| The records |
lemma F_degree_A_less_succ:
  assumes F: "graph VF EF" and ab: "{a, b} \<in> EF" and "card VF < l" and il: "i < l"
  shows "F_degree VF EF (A_V l) (A_E l) i < F_degree VF EF (A_V l) (A_E l) (i + 1)"
proof -
  let ?C = "copies_through VF EF (A_V l) (A_E l)"
  define s where "s = id(i := i + 1)"
  define shift where "shift = map_prod (image s) (image (image s))"
  have fin: "finite (?C v)" for v
    by (rule finite_copies_through) (simp_all add: A_V_def finite_A_E)
  have "inj_on shift (?C i - ?C (i + 1))"
  proof (rule inj_on_subset)
    have "inj_on s (- {i + 1})" by (auto simp: s_def inj_on_def)
    then show "inj_on shift (Pow (- {i + 1}) \<times> Pow (Pow (- {i + 1})))"
      unfolding shift_def by (rule inj_on_map_prod_image_Pow)
    show "?C i - ?C (i + 1) \<subseteq> Pow (- {i + 1}) \<times> Pow (Pow (- {i + 1}))"
      by (auto simp: copies_through_def iso_subgraph_def)
  qed
  moreover have "shift ` (?C i - ?C (i + 1)) \<subseteq> ?C (i + 1) - ?C i"
  proof (rule image_subsetI)
    fix p assume "p \<in> ?C i - ?C (i + 1)"
    moreover obtain W D where "p = (W, D)" by (cases p)
    ultimately show "shift p \<in> ?C (i + 1) - ?C i"
      using copies_through_A_shift[OF il, of W D VF EF] by (simp add: shift_def s_def)
  qed
  moreover obtain W0 D0 where W0: "iso_subgraph VF EF (A_V l) (A_E l) W0 D0"
    "W0 \<subseteq> {i + 1..i + l}" "i + 1 \<in> W0" "{i + 1, i + l} \<in> D0"
    using iso_subgraph_A_window[OF F ab \<open>card VF < l\<close> il] .
  then have "(W0, D0) \<in> ?C (i + 1) - ?C i" by (auto simp: copies_through_def)
  moreover have "(W0, D0) \<notin> shift ` (?C i - ?C (i + 1))"
  proof
    assume "(W0, D0) \<in> shift ` (?C i - ?C (i + 1))"
    then obtain W D where WD: "(W, D) \<in> ?C i - ?C (i + 1)" "D0 = image s ` D"
      by (auto simp: shift_def)
    moreover have "D \<subseteq> A_E l" "\<forall>e\<in>D. i + 1 \<notin> e"
      using WD(1) by (auto simp: copies_through_def iso_subgraph_def)
    ultimately show False using W0(4) A_shift_misses_stretched_edge unfolding s_def by blast
  qed
  ultimately have "card (?C i) < card (?C (i + 1))"
    by (rule card_less_if_inj_on_Diff[OF fin fin])
  then show ?thesis by (simp add: F_degree_eq_card_copies_through)
qed

theorem corollary1:
  fixes VF :: "'b set" and EF :: "'b set set" and l :: nat
  assumes "graph VF EF"
    and "diameter2 VF EF"
    and "l > card VF"
  shows "\<forall>i\<in>{1..<l}. F_degree VF EF (A_V l) (A_E l) i < F_degree VF EF (A_V l) (A_E l) (i + 1)"
proof
  fix i assume "i \<in> {1..<l}"
  obtain a b where "{a, b} \<in> EF" using diameter2_obtains_edge[OF assms(1,2)] .
  with \<open>i \<in> {1..<l}\<close> show "F_degree VF EF (A_V l) (A_E l) i < F_degree VF EF (A_V l) (A_E l) (i + 1)"
    using F_degree_A_less_succ[OF assms(1) _ assms(3)] by simp
qed

end
(* Let $\mathbf G=(\mathcal X,\mathcal E)$ be a directed graph with $\mathcal X=\{1,\dots,n\}$, with edge lengths $l_{ij}\ge0$ for $ij\in\mathcal E$ and $l_{ij}=+\infty$ for $ij\notin\mathcal E$. Fix $N\ge1$ and nodes $x_0,x_N$, and let $\mathcal X^{N+1}(x_0,x_N)$ denote the set of feasible paths $y=(y_0,\dots,y_N)$ with $y_0=x_0$, $y_N=x_N$, assumed nonempty. For $T>0$ let $P_T^*(x)=Z(T)^{-1}\exp(-l(x)/T)$, $Z(T)=\sum_{x}\exp(-l(x)/T)$, be the Boltzmann distribution on $\mathcal X^{N+1}$, where $l(x)=\sum_{t=0}^{N-1}l_{x_tx_{t+1}}$, and let $\mathfrak M^*_T$ be the minimizer of $\mathbb D(P\|P_T^* )$ over probability measures $P$ on $\mathcal X^{N+1}$ with initial marginal $\delta_{x_0}$ and final marginal $\delta_{x_N}$. Let $l_m(x_0,x_N)=\min_{y\in\mathcal X^{N+1}(x_0,x_N)}l(y)$. Then: (i) as $T\searrow0$, $\mathfrak M^*_T$ concentrates on the minimum length paths in $\mathcal X^{N+1}(x_0,x_N)$: if $y\in\mathcal X^{N+1}(x_0,x_N)$ has $l(y)>l_m(x_0,x_N)$, then $\mathfrak M^*_T(y)\to0$ as $T\searrow0$; (ii) as $T\nearrow+\infty$, $\mathfrak M^*_T$ tends to the uniform distribution on $\mathcal X^{N+1}(x_0,x_N)$; (iii) if $\mathcal X^{N+1}(x_0,x_N)$ is not a singleton and $l$ is not constant on it, then for each $\bar L$ with $l_m(x_0,x_N)\le\bar L\le\frac{1}{|\mathcal X^{N+1}(x_0,x_N)|}\sum_{y\in\mathcal X^{N+1}(x_0,x_N)}l(y)$ there is a unique $T\in[0,+\infty]$ such that $L(\mathfrak M^*_T)=\bar L$, and this $\mathfrak M^*_T$ solves the problem of maximizing the entropy $S(P)$ over probability measures $P$ on $\mathcal X^{N+1}$ with initial marginal $\delta_{x_0}$, final marginal $\delta_{x_N}$ and $L(P)=\bar L$.
   Context: A path $x=(x_0,\dots,x_N)$ is feasible if $x_tx_{t+1}\in\mathcal E$ for all $t$. $\delta_{x'}$ denotes the point mass at node $x'$. Relative entropy $\mathbb D(P\|Q)=\sum_xP(x)\log\frac{P(x)}{Q(x)}$ (with $+\infty$ if $\mathrm{Supp}P\not\subseteq\mathrm{Supp}Q$, and $0\log0=0$). Average path length of $P$: $L(P)=\sum_x l(x)P(x)$ with $(+\infty)\cdot0=0$. Entropy: $S(P)=-\sum_xP(x)\ln P(x)$. In (iii), $\mathfrak M^*_0$ and $\mathfrak M^*_{+\infty}$ are understood as the limits of $\mathfrak M^*_T$ as $T\searrow0$ and $T\nearrow+\infty$ respectively. *)

theory Defs
  imports "HOL-Analysis.Analysis"
begin

text \<open>Nodes are elements of a finite type 'a (standing for {1..n}); a path of
  N+1 nodes is a list of length N+1; index t of the list is x_t.\<close>

definition paths :: "nat \<Rightarrow> 'a list set" where
  "paths N = {xs. length xs = Suc N}"

definition feasible :: "('a \<times> 'a) set \<Rightarrow> nat \<Rightarrow> 'a list \<Rightarrow> bool" where
  "feasible E N xs \<longleftrightarrow> length xs = Suc N \<and> (\<forall>t<N. (xs ! t, xs ! Suc t) \<in> E)"

definition rlen :: "('a \<Rightarrow> 'a \<Rightarrow> real) \<Rightarrow> nat \<Rightarrow> 'a list \<Rightarrow> real" where
  "rlen l N xs = (\<Sum>t<N. l (xs ! t) (xs ! Suc t))"

definition plen :: "('a \<times> 'a) set \<Rightarrow> ('a \<Rightarrow> 'a \<Rightarrow> real) \<Rightarrow> nat \<Rightarrow> 'a list \<Rightarrow> ereal" where
  "plen E l N xs = (if feasible E N xs then ereal (rlen l N xs) else \<infinity>)"

definition fpaths :: "('a \<times> 'a) set \<Rightarrow> nat \<Rightarrow> 'a \<Rightarrow> 'a \<Rightarrow> 'a list set" where
  "fpaths E N x0 xN = {xs. feasible E N xs \<and> xs ! 0 = x0 \<and> xs ! N = xN}"

text \<open>Partition function and Boltzmann distribution (exp(-\<infinity>) = 0).\<close>
definition Zfun :: "('a \<times> 'a) set \<Rightarrow> ('a \<Rightarrow> 'a \<Rightarrow> real) \<Rightarrow> nat \<Rightarrow> real \<Rightarrow> real" where
  "Zfun E l N T = (\<Sum>x\<in>{xs. feasible E N xs}. exp (- rlen l N x / T))"

definition boltz :: "('a \<times> 'a) set \<Rightarrow> ('a \<Rightarrow> 'a \<Rightarrow> real) \<Rightarrow> nat \<Rightarrow> real \<Rightarrow> 'a list \<Rightarrow> real" where
  "boltz E l N T x = (if feasible E N x then exp (- rlen l N x / T) / Zfun E l N T else 0)"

| What is needed |
Line count for the word "infinity": work out how many lines of the data above include it, and reply with that number alone.

| Exercise result |
2